What to work on: What the task requires is each entry, restated exactly.

Saved entries:
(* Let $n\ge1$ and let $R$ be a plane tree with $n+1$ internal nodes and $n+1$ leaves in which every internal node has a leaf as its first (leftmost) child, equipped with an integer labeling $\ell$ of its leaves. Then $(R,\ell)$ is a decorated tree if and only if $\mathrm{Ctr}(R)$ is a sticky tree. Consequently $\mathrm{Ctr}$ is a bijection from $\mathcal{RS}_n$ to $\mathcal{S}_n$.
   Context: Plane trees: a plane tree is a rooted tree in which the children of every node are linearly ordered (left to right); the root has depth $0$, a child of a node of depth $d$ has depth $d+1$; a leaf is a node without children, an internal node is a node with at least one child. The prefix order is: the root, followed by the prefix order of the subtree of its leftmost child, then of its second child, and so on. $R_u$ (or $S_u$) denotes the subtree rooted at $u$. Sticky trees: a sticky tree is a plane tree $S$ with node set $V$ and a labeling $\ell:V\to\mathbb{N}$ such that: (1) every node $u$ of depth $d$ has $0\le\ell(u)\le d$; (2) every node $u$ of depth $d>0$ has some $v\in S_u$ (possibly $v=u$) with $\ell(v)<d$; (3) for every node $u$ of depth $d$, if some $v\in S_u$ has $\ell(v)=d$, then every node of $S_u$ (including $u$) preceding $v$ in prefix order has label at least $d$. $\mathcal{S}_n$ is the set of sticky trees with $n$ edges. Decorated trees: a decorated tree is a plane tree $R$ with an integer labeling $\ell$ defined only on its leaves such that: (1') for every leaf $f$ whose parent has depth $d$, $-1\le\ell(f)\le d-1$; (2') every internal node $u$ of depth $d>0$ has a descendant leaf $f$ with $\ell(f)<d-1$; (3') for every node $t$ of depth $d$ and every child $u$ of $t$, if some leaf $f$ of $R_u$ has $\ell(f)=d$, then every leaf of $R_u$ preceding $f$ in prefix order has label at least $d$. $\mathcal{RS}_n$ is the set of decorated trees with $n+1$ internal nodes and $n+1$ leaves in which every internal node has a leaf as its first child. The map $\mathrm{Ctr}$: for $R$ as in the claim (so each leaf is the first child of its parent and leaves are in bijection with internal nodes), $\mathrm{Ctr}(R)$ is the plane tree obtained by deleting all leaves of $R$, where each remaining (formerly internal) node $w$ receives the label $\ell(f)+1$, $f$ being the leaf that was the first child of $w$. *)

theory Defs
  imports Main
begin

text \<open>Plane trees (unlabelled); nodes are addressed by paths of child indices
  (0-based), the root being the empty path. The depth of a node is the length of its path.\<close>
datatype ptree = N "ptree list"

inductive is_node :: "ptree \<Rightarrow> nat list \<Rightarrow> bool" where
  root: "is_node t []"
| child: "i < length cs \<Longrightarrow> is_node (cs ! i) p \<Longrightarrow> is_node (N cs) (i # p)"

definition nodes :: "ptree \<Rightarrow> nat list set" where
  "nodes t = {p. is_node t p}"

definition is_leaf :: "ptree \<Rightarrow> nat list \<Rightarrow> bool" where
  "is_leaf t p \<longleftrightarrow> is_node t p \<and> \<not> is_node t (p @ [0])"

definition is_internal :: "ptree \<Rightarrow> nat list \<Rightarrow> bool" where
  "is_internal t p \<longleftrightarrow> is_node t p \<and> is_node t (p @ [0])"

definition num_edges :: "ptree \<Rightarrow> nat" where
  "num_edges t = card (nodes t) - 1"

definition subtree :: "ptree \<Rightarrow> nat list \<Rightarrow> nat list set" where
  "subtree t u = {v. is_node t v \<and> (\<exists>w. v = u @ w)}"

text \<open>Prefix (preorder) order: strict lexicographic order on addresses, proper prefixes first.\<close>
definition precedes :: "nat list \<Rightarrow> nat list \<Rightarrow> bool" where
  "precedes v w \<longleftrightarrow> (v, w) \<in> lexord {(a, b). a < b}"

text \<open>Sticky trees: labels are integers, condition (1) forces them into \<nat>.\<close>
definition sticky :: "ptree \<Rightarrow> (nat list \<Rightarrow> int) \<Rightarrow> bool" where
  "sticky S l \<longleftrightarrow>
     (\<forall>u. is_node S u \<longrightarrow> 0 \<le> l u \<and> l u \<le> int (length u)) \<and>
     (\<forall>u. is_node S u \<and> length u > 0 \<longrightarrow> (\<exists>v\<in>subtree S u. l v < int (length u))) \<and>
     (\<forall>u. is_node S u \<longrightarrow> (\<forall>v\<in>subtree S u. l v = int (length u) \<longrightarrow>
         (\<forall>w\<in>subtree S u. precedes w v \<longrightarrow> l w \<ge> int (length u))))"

Answer for this exercise:
(* Let $n\ge1$ and let $R$ be a plane tree with $n+1$ internal nodes and $n+1$ leaves in which every internal node has a leaf as its first (leftmost) child, equipped with an integer labeling $\ell$ of its leaves. Then $(R,\ell)$ is a decorated tree if and only if $\mathrm{Ctr}(R)$ is a sticky tree. Consequently $\mathrm{Ctr}$ is a bijection from $\mathcal{RS}_n$ to $\mathcal{S}_n$.
   Context: Plane trees: a plane tree is a rooted tree in which the children of every node are linearly ordered (left to right); the root has depth $0$, a child of a node of depth $d$ has depth $d+1$; a leaf is a node without children, an internal node is a node with at least one child. The prefix order is: the root, followed by the prefix order of the subtree of its leftmost child, then of its second child, and so on. $R_u$ (or $S_u$) denotes the subtree rooted at $u$. Sticky trees: a sticky tree is a plane tree $S$ with node set $V$ and a labeling $\ell:V\to\mathbb{N}$ such that: (1) every node $u$ of depth $d$ has $0\le\ell(u)\le d$; (2) every node $u$ of depth $d>0$ has some $v\in S_u$ (possibly $v=u$) with $\ell(v)<d$; (3) for every node $u$ of depth $d$, if some $v\in S_u$ has $\ell(v)=d$, then every node of $S_u$ (including $u$) preceding $v$ in prefix order has label at least $d$. $\mathcal{S}_n$ is the set of sticky trees with $n$ edges. Decorated trees: a decorated tree is a plane tree $R$ with an integer labeling $\ell$ defined only on its leaves such that: (1') for every leaf $f$ whose parent has depth $d$, $-1\le\ell(f)\le d-1$; (2') every internal node $u$ of depth $d>0$ has a descendant leaf $f$ with $\ell(f)<d-1$; (3') for every node $t$ of depth $d$ and every child $u$ of $t$, if some leaf $f$ of $R_u$ has $\ell(f)=d$, then every leaf of $R_u$ preceding $f$ in prefix order has label at least $d$. $\mathcal{RS}_n$ is the set of decorated trees with $n+1$ internal nodes and $n+1$ leaves in which every internal node has a leaf as its first child. The map $\mathrm{Ctr}$: for $R$ as in the claim (so each leaf is the first child of its parent and leaves are in bijection with internal nodes), $\mathrm{Ctr}(R)$ is the plane tree obtained by deleting all leaves of $R$, where each remaining (formerly internal) node $w$ receives the label $\ell(f)+1$, $f$ being the leaf that was the first child of $w$. *)

theory Defs
  imports Main
begin

text \<open>Plane trees (unlabelled); nodes are addressed by paths of child indices
  (0-based), the root being the empty path. The depth of a node is the length of its path.\<close>
datatype ptree = N "ptree list"

inductive is_node :: "ptree \<Rightarrow> nat list \<Rightarrow> bool" where
  root: "is_node t []"
| child: "i < length cs \<Longrightarrow> is_node (cs ! i) p \<Longrightarrow> is_node (N cs) (i # p)"

definition nodes :: "ptree \<Rightarrow> nat list set" where
  "nodes t = {p. is_node t p}"

definition is_leaf :: "ptree \<Rightarrow> nat list \<Rightarrow> bool" where
  "is_leaf t p \<longleftrightarrow> is_node t p \<and> \<not> is_node t (p @ [0])"

definition is_internal :: "ptree \<Rightarrow> nat list \<Rightarrow> bool" where
  "is_internal t p \<longleftrightarrow> is_node t p \<and> is_node t (p @ [0])"

definition num_edges :: "ptree \<Rightarrow> nat" where
  "num_edges t = card (nodes t) - 1"

definition subtree :: "ptree \<Rightarrow> nat list \<Rightarrow> nat list set" where
  "subtree t u = {v. is_node t v \<and> (\<exists>w. v = u @ w)}"

text \<open>Prefix (preorder) order: strict lexicographic order on addresses, proper prefixes first.\<close>
definition precedes :: "nat list \<Rightarrow> nat list \<Rightarrow> bool" where
  "precedes v w \<longleftrightarrow> (v, w) \<in> lexord {(a, b). a < b}"

text \<open>Sticky trees: labels are integers, condition (1) forces them into \<nat>.\<close>
definition sticky :: "ptree \<Rightarrow> (nat list \<Rightarrow> int) \<Rightarrow> bool" where
  "sticky S l \<longleftrightarrow>
     (\<forall>u. is_node S u \<longrightarrow> 0 \<le> l u \<and> l u \<le> int (length u)) \<and>
     (\<forall>u. is_node S u \<and> length u > 0 \<longrightarrow> (\<exists>v\<in>subtree S u. l v < int (length u))) \<and>
     (\<forall>u. is_node S u \<longrightarrow> (\<forall>v\<in>subtree S u. l v = int (length u) \<longrightarrow>
         (\<forall>w\<in>subtree S u. precedes w v \<longrightarrow> l w \<ge> int (length u))))"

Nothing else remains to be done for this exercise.